§ **Exercise description**: Search the records for the string "open" and copy every line where it turns up.
━━━━━━
text \<open>Uncrossing, by induction on the number of members of \<open>L\<close> crossing \<open>S\<close>: if \<open>T \<in> L\<close>
  crosses \<open>S\<close>, then \<open>S \<inter> T\<close> and \<open>S \<union> T\<close> are tight and cross fewer members of \<open>L\<close>.\<close>
lemma sum_cut_direction_tight_avoiding_0:
  assumes "S \<subseteq> {1..<n}" "S \<noteq> {}" "sum x (cut n S) = 2"
  shows "sum d (cut n S) = 0"
  using assms
proof (induction "card {R \<in> L. crosses R S}" arbitrary: S rule: less_induct)
  case less
  show ?case
  proof (cases "\<exists>T\<in>L. crosses T S")
    case False
    then show ?thesis
      using sum_cut_direction_uncrossed less.prems by blast
  next
    case True
    then obtain T where T: "T \<in> L" "crosses T S"
      by blast
    have T_tight: "T \<subseteq> {1..<n}" "sum x (cut n T) = 2"
      using T(1) L_tight by (auto simp: tight_sets_def)
    have "S \<inter> T \<noteq> {}"
      using T(2) unfolding crosses_def by blast
    note tight_S_T = less.prems(1) T_tight(1) \<open>S \<inter> T \<noteq> {}\<close> less.prems(3) T_tight(2)
    have finite_L: "finite L"
      using L_tight finite_tight_sets finite_subset by blast
    have "sum d (cut n (S \<inter> T)) = 0"
    proof (rule less.hyps)
      show "card {R \<in> L. crosses R (S \<inter> T)} < card {R \<in> L. crosses R S}"
        using crossing_members_Int_Un_psubset(1)[OF L_laminar T] finite_L
        by (intro psubset_card_mono) auto
    qed (use less.prems(1) \<open>S \<inter> T \<noteq> {}\<close> tight_Int_Un(1)[OF tight_S_T] in auto)
    moreover have "sum d (cut n (S \<union> T)) = 0"
    proof (rule less.hyps)
      show "card {R \<in> L. crosses R (S \<union> T)} < card {R \<in> L. crosses R S}"
        using crossing_members_Int_Un_psubset(2)[OF L_laminar T] finite_L
        by (intro psubset_card_mono) auto
    qed (use less.prems(1,2) T_tight(1) tight_Int_Un(2)[OF tight_S_T] in auto)
    moreover have "sum d (cut n T) = 0"
      using d_L T(1) by blast
    ultimately show ?thesis
      using sum_cut_direction_Int_Un[OF tight_S_T] by simp
  qed
qed

lemma sum_cut_direction_tight:
  assumes "S \<subseteq> {0..<n}" "S \<noteq> {}" "S \<noteq> {0..<n}" "sum x (cut n S) = 2"
  shows "sum d (cut n S) = 0"
proof (cases "0 \<in> S")
  case True
  have "y \<in> {1..<n}" if "y \<in> {0..<n} - S" for y
    using that True by (cases y) auto
  moreover have "{0..<n} - S \<noteq> {}"
    using assms(1,3) by blast
  ultimately have "{0..<n} - S \<subseteq> {1..<n}" "{0..<n} - S \<noteq> {}"
    by blast+
  then show ?thesis
    using sum_cut_direction_tight_avoiding_0[of "{0..<n} - S"] assms(4) by (simp add: cut_complement)
next
  case False
  have "y \<in> {1..<n}" if "y \<in> S" for y
    using that False assms(1) by (cases y) auto
  then have "S \<subseteq> {1..<n}"
    by blast
  then show ?thesis
    using sum_cut_direction_tight_avoiding_0 assms(2,4) by blast
qed

end

lemma add_scaled_in_P_SEP:
  fixes d :: "nat set \<Rightarrow> real"
  assumes "\<And>e. e \<notin> E n \<Longrightarrow> d e = 0"
    and "\<And>v. v < n \<Longrightarrow> sum d (cut n {v}) = 0"
    and cut_bound: "\<And>S. S \<subseteq> {0..<n} \<Longrightarrow> S \<noteq> {} \<Longrightarrow> S \<noteq> {0..<n}
      \<Longrightarrow> \<bar>t * sum d (cut n S)\<bar> \<le> sum x (cut n S) - 2"
    and edge_bound: "\<And>e. e \<in> E n \<Longrightarrow> \<bar>t * d e\<bar> \<le> min (x e) (1 - x e)"
  shows "(\<lambda>e. x e + t * d e) \<in> P_SEP n"
proof -
  have sum_cut: "(\<Sum>e\<in>cut n S. x e + t * d e) = sum x (cut n S) + t * sum d (cut n S)" for S
    by (simp add: sum.distrib sum_distrib_left)
  have "2 \<le> (\<Sum>e\<in>cut n S. x e + t * d e)"
    if "S \<subseteq> {0..<n}" "3 \<le> card S" "card S \<le> n - 3" for S
  proof -
    have "S \<noteq> {}" "S \<noteq> {0..<n}"
      using that by auto
    then have "\<bar>t * sum d (cut n S)\<bar> \<le> sum x (cut n S) - 2"
      using cut_bound that(1) by blast
    then show ?thesis
      unfolding sum_cut by (simp add: abs_le_iff)
  qed
  moreover have "0 \<le> x e + t * d e \<and> x e + t * d e \<le> 1" if "e \<in> E n" for e
    using edge_bound[OF that] by (simp add: abs_le_iff)
  moreover have "x e + t * d e = 0" if "e \<notin> E n" for e
    using that zero_outside_E assms(1) by simp
  moreover have "(\<Sum>e\<in>cut n {v}. x e + t * d e) = 2" if "v < n" for v
    using that sum_cut_singleton assms(2) by (simp add: sum_cut)
  ultimately show ?thesis
    unfolding P_SEP_def V_def by simp
qed

lemma perturbation_in_P_SEP:
  fixes d :: "nat set \<Rightarrow> real"
  assumes d_range: "\<And>e. d e \<noteq> 0 \<Longrightarrow> e \<in> E n \<and> 0 < x e \<and> x e < 1"
    and d_degree: "\<And>v. v < n \<Longrightarrow> sum d (cut n {v}) = 0"
    and d_tight: "\<And>S. S \<subseteq> {0..<n} \<Longrightarrow> S \<noteq> {} \<Longrightarrow> S \<noteq> {0..<n} \<Longrightarrow> sum x (cut n S) = 2
      \<Longrightarrow> sum d (cut n S) = 0"
  obtains \<epsilon> where "0 < \<epsilon>" "\<And>t. \<bar>t\<bar> \<le> \<epsilon> \<Longrightarrow> (\<lambda>e. x e + t * d e) \<in> P_SEP n"
proof -
  let ?proper = "{S. S \<subseteq> {0..<n} \<and> S \<noteq> {} \<and> S \<noteq> {0..<n}}"
  obtain \<epsilon>\<^sub>1 where "0 < \<epsilon>\<^sub>1"
    and \<epsilon>_cut: "\<And>S. S \<in> ?proper \<Longrightarrow> \<epsilon>\<^sub>1 * \<bar>sum d (cut n S)\<bar> \<le> sum x (cut n S) - 2"
  proof (rule exists_pos_mult_abs_le)
    show "finite ?proper"
      by (rule finite_subset[of _ "Pow {0..<n}"]) auto
    fix S assume "S \<in> ?proper"
    then have S: "S \<subseteq> {0..<n}" "S \<noteq> {}" "S \<noteq> {0..<n}"
      by simp_all
    then show "0 \<le> sum x (cut n S) - 2"
      using sum_cut_ge_2 by simp
    show "sum d (cut n S) = 0 \<or> 0 < sum x (cut n S) - 2"
      using sum_cut_ge_2[OF S] d_tight[OF S] by (cases "sum x (cut n S) = 2") auto
  qed blast
  obtain \<epsilon>\<^sub>2 where "0 < \<epsilon>\<^sub>2" and \<epsilon>_edge: "\<And>e. e \<in> E n \<Longrightarrow> \<epsilon>\<^sub>2 * \<bar>d e\<bar> \<le> min (x e) (1 - x e)"
  proof (rule exists_pos_mult_abs_le[OF finite_E])
    fix e assume "e \<in> E n"
    then show "0 \<le> min (x e) (1 - x e)"
      using nonneg le_one by simp
    show "d e = 0 \<or> 0 < min (x e) (1 - x e)"
      using d_range[of e] by auto
  qed blast
  define \<epsilon> where "\<epsilon> = min \<epsilon>\<^sub>1 \<epsilon>\<^sub>2"
  have "(\<lambda>e. x e + t * d e) \<in> P_SEP n" if t: "\<bar>t\<bar> \<le> \<epsilon>" for t
  proof (rule add_scaled_in_P_SEP)
    have bound: "\<bar>t * b\<bar> \<le> c" if "\<epsilon>' * \<bar>b\<bar> \<le> c" "\<epsilon> \<le> \<epsilon>'" for b c \<epsilon>'
      using t that mult_right_mono[of "\<bar>t\<bar>" \<epsilon>' "\<bar>b\<bar>"] by (simp add: abs_mult)
    show "\<bar>t * sum d (cut n S)\<bar> \<le> sum x (cut n S) - 2"
      if "S \<subseteq> {0..<n}" "S \<noteq> {}" "S \<noteq> {0..<n}" for S
      using bound[OF \<epsilon>_cut] that by (simp add: \<epsilon>_def)
    show "\<bar>t * d e\<bar> \<le> min (x e) (1 - x e)" if "e \<in> E n" for e
      using bound[OF \<epsilon>_edge[OF that]] by (simp add: \<epsilon>_def)
  qed (use d_range d_degree in blast)+
  moreover have "0 < \<epsilon>"
    using \<open>0 < \<epsilon>\<^sub>1\<close> \<open>0 < \<epsilon>\<^sub>2\<close> by (simp add: \<epsilon>_def)
  ultimately show thesis
    using that by blast
qed

end

locale sep_vertex = sep_point +
  assumes vertex: "is_vertex x (P_SEP n)"
begin

lemma tight_direction_eq_0:
  fixes d :: "nat set \<Rightarrow> real"
  assumes "3 \<le> n"
    and d_support: "\<And>e. e \<notin> support n x \<Longrightarrow> d e = 0"
    and d_degree: "\<And>v. v < n \<Longrightarrow> sum d (cut n {v}) = 0"
    and d_tight: "\<And>S. S \<subseteq> {0..<n} \<Longrightarrow> S \<noteq> {} \<Longrightarrow> S \<noteq> {0..<n} \<Longrightarrow> sum x (cut n S) = 2
      \<Longrightarrow> sum d (cut n S) = 0"
  shows "d e = 0"
proof -
  have d_range: "f \<in> E n \<and> 0 < x f \<and> x f < 1" if "d f \<noteq> 0" for f
  proof -
    have "f \<in> E n" "0 < x f"
      using that d_support by (auto simp: support_def)
    moreover have "x f \<noteq> 1"
      using tight_direction_eq_0_at_one[OF assms(1) d_degree d_tight] that calculation(1) by blast
    then have "x f < 1"
      using le_one[OF calculation(1)] by linarith
    ultimately show ?thesis
      by blast
  qed
  obtain \<epsilon> where \<epsilon>: "0 < \<epsilon>" "\<And>t. \<bar>t\<bar> \<le> \<epsilon> \<Longrightarrow> (\<lambda>e. x e + t * d e) \<in> P_SEP n"
    using perturbation_in_P_SEP[OF d_range d_degree d_tight] by blast
  have "(\<lambda>e. x e + \<epsilon> * d e) \<in> P_SEP n" "(\<lambda>e. x e - \<epsilon> * d e) \<in> P_SEP n"
    using \<epsilon>(2)[of \<epsilon>] \<epsilon>(2)[of "- \<epsilon>"] \<epsilon>(1) by simp_all
  then show ?thesis
    using is_vertex_perturbation_eq_0[OF vertex] \<epsilon>(1) by simp
qed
━━━━━━
§ **Problem solution**:
text \<open>Uncrossing, by induction on the number of members of \<open>L\<close> crossing \<open>S\<close>: if \<open>T \<in> L\<close>
  crosses \<open>S\<close>, then \<open>S \<inter> T\<close> and \<open>S \<union> T\<close> are tight and cross fewer members of \<open>L\<close>.\<close>
    note tight_S_T = less.prems(1) T_tight(1) \<open>S \<inter> T \<noteq> {}\<close> less.prems(3) T_tight(2)
    qed (use less.prems(1) \<open>S \<inter> T \<noteq> {}\<close> tight_Int_Un(1)[OF tight_S_T] in auto)
    using \<open>0 < \<epsilon>\<^sub>1\<close> \<open>0 < \<epsilon>\<^sub>2\<close> by (simp add: \<epsilon>_def)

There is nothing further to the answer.